A Crisis of Legitimacy

A Crisis of Legitimacy July 18, 2011

As a young man, author and blogger Dmitri Orlov witnessed the collapse of the Soviet Union. Now living in the United States, Orlov detects many of the same signs of economic, social and political disintegration that he saw in his homeland during the late ’80s and early ’90s. I’ve recently re-read Orlov’s book, “Reinventing Collapse: The Soviet Example and American Prospects.” It’s an eye-opening book. Borrowing from the famed five stages of grief described by psychologist Elizabeth Kubler-Ross, Orlov has defined what he calls the “Five Stages of Collapse:”

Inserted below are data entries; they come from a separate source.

text \<open>This handles levels with q_j dividing R_j, where (R_j - \<theta>)/q_j = n_j - \<theta>/q_j.\<close>
lemma integer_shift_approximations_absurd:
  fixes q :: "nat \<Rightarrow> nat" and n :: "nat \<Rightarrow> int" and x \<theta> \<eta> :: real
  assumes q: "strict_mono q" "\<And>j. 4 \<le> q j" and \<theta>: "0 \<le> \<theta>" "\<theta> < 1" and \<eta>: "\<eta> > 0"
    and lower: "\<And>j. 0 < x - of_int (n j) + \<theta> / real (q j)"
    and upper: "\<And>j. x - of_int (n j) + \<theta> / real (q j) \<le> real (q j) powr (-1 - \<eta>)"
  shows False
proof -
  have small: "real (q j) powr (-1 - \<eta>) \<le> 1/4" "\<theta> / real (q j) < 1/4" for j
  proof -
    have "real (q j) powr (-1 - \<eta>) \<le> real (q j) powr (-1)"
      using q(2)[of j] \<eta> by (intro powr_mono) auto
    also have "\<dots> = 1 / real (q j)"
      using q(2)[of j] by (simp add: powr_minus_divide)
    also have "\<dots> \<le> 1/4"
      using q(2)[of j] by (simp add: field_simps)
    finally show "real (q j) powr (-1 - \<eta>) \<le> 1/4" .
    show "\<theta> / real (q j) < 1/4"
      using q(2)[of j] \<theta> by (simp add: field_simps)
  qed
  have "\<bar>x - of_int (n j)\<bar> \<le> 1/4" for j
  proof -
    have "0 \<le> \<theta> / real (q j)" using \<theta> by simp
    then show ?thesis
      using lower[of j] upper[of j] small[of j] unfolding abs_le_iff by (intro conjI; linarith)
  qed
  note near = this
  have n_const: "n j = n 0" for j
  proof -
    have "real_of_int \<bar>n j - n 0\<bar> < 1"
      using near[of j] near[of 0] by (simp only: of_int_abs of_int_diff)
    then have "\<bar>n j - n 0\<bar> < 1" by linarith
    then show ?thesis by simp
  qed
  define u where "u = x - of_int (n 0)"
  have q_top: "filterlim (\<lambda>j. real (q j)) at_top sequentially"
    using filterlim_compose[OF filterlim_real_sequentially filterlim_subseq[OF q(1)]] by simp
  have pow_lim: "(\<lambda>j. real (q j) powr (- a)) \<longlonglongrightarrow> 0" if "a > 0" for a
    by (rule tendsto_neg_powr[OF _ q_top]) (use that in simp)
  have "0 \<le> u + \<theta> / real (q j)" "u + \<theta> / real (q j) \<le> real (q j) powr (- (1 + \<eta>))" for j
    using lower[of j] upper[of j] n_const[of j] by (simp_all add: u_def)
  then have "(\<lambda>j. u + \<theta> / real (q j)) \<longlonglongrightarrow> 0"
    using \<eta> by (intro tendsto_sandwich[OF always_eventually always_eventually tendsto_const pow_lim[of "1 + \<eta>"]]) simp_all
  moreover have "(\<lambda>j. u + \<theta> / real (q j)) \<longlonglongrightarrow> u"
    using tendsto_add[OF tendsto_const tendsto_divide_0[OF tendsto_const
        filterlim_at_top_imp_at_infinity[OF q_top]]] by simp
  ultimately have "u = 0" using LIMSEQ_unique by blast
  have "0 < \<theta>" "\<And>j. \<theta> \<le> real (q j) powr (- \<eta>)"
  proof -
    show "0 < \<theta>" using lower[of 0] \<open>u = 0\<close> q(2)[of 0] by (simp add: u_def zero_less_divide_iff)
    fix j
    have "\<theta> / real (q j) \<le> real (q j) powr (-1 - \<eta>)"
      using upper[of j] n_const[of j] \<open>u = 0\<close> by (simp add: u_def)
    then have "\<theta> \<le> real (q j) powr (-1 - \<eta>) * real (q j)"
      using q(2)[of j] by (simp add: field_simps)
    also have "\<dots> = real (q j) powr (- \<eta>)"
      using q(2)[of j] powr_add[of "real (q j)" "-1 - \<eta>" 1] by simp
    finally show "\<theta> \<le> real (q j) powr (- \<eta>)" .
  qed
  moreover have "\<theta> \<le> 0"
    by (rule tendsto_lowerbound[OF pow_lim[OF \<eta>]]) (use calculation(2) in \<open>simp_all add: always_eventually\<close>)
  ultimately show False by simp
qed

locale approximation_chain =
  fixes \<theta> :: real and \<psi>1 \<psi>2 :: "nat \<Rightarrow> real" and x :: real
    and q :: "nat \<Rightarrow> nat" and R :: "nat \<Rightarrow> int" and c :: "nat \<Rightarrow> real"
    and g \<kappa> \<eta> \<beta> :: real and N :: nat
  assumes theta: "\<theta> = 0 \<or> \<theta> \<notin> \<rat>" "0 \<le> \<theta>" "\<theta> < 1"
    and psi2_pos: "\<And>n. n \<ge> 1 \<Longrightarrow> \<psi>2 n > 0"
    and psi_le: "\<And>n. n \<ge> 1 \<Longrightarrow> \<psi>2 n \<le> \<psi>1 n"
    and psi1_dec: "\<And>n n'. 1 \<le> n \<Longrightarrow> n \<le> n' \<Longrightarrow> \<psi>1 n' \<le> \<psi>1 n"
    and psi1_bound: "\<And>n. N \<le> n \<Longrightarrow> \<psi>1 n \<le> real n powr (-1 - \<eta>)"
    and sep: "linear_form_bound \<theta> g \<kappa>" and kappa_pos: "\<kappa> > 0"
    and N: "N \<ge> 4" and eta_pos: "\<eta> > 0" and g_pos: "g > 0"
    and exponent_gap: "\<eta>\<^sup>2 - g\<^sup>2 * \<beta> > 0"
    and start_large: "(\<eta>\<^sup>2 - g\<^sup>2 * \<beta>) * ln (real (q 0)) > (\<eta> + g) * (ln 2 - ln \<kappa>) + g\<^sup>2 * ln 2"
    and q_prime: "\<And>j. prime (q j)" and q_mono: "strict_mono q" and q_start: "N \<le> q 0"
    and q_growth: "\<And>j. ln (real (q (Suc j))) \<le> ln 2 + \<beta> * ln (real (q j))"
    and c_lt_1: "\<And>j. c j < 1" and c_lim: "c \<longlonglongrightarrow> 0"
    and level_lower: "\<And>j. \<psi>1 (q j) - c j * \<psi>2 (q j) \<le> x - (of_int (R j) - \<theta>) / real (q j)"
    and level_upper: "\<And>j. x - (of_int (R j) - \<theta>) / real (q j) \<le> \<psi>1 (q j)"
begin

lemma q_ge_N: "N \<le> q j"
  using q_start mono_onD[OF strict_mono_mono[OF q_mono], of 0 j] by simp

lemma level_pos: "0 < x - (of_int (R j) - \<theta>) / real (q j)"
proof -
  have "q j \<ge> 1" using q_ge_N[of j] N by simp
  then have "c j * \<psi>2 (q j) < 1 * \<psi>2 (q j)"
    using c_lt_1[of j] psi2_pos by (intro mult_strict_right_mono) simp_all
  with psi_le[OF \<open>q j \<ge> 1\<close>] have "c j * \<psi>2 (q j) < \<psi>1 (q j)" by simp
  then show ?thesis using level_lower[of j] by linarith
qed

lemma level_close: "\<bar>x - (of_int (R j) - \<theta>) / real (q j)\<bar> \<le> \<psi>1 (q j)"
  using level_pos[of j] level_upper[of j] by simp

Stage 1: Financial collapse. Faith in “business as usual” is lost. The future is no longer assumed resemble the past in any way that allows risk to be assessed and financial assets to be guaranteed. Financial institutions become insolvent; savings are wiped out, and access to capital is lost.

Stage 2: Commercial collapse. Faith that “the market shall provide” is lost. Money is devalued and/or becomes scarce, commodities are hoarded, import and retail chains break down, and widespread shortages of survival necessities become the norm.

Stage 3: Political collapse. Faith that “the government will take care of you” is lost. As official attempts to mitigate widespread loss of access to commercial sources of survival necessities fail to make a difference, the political establishment loses legitimacy and relevance.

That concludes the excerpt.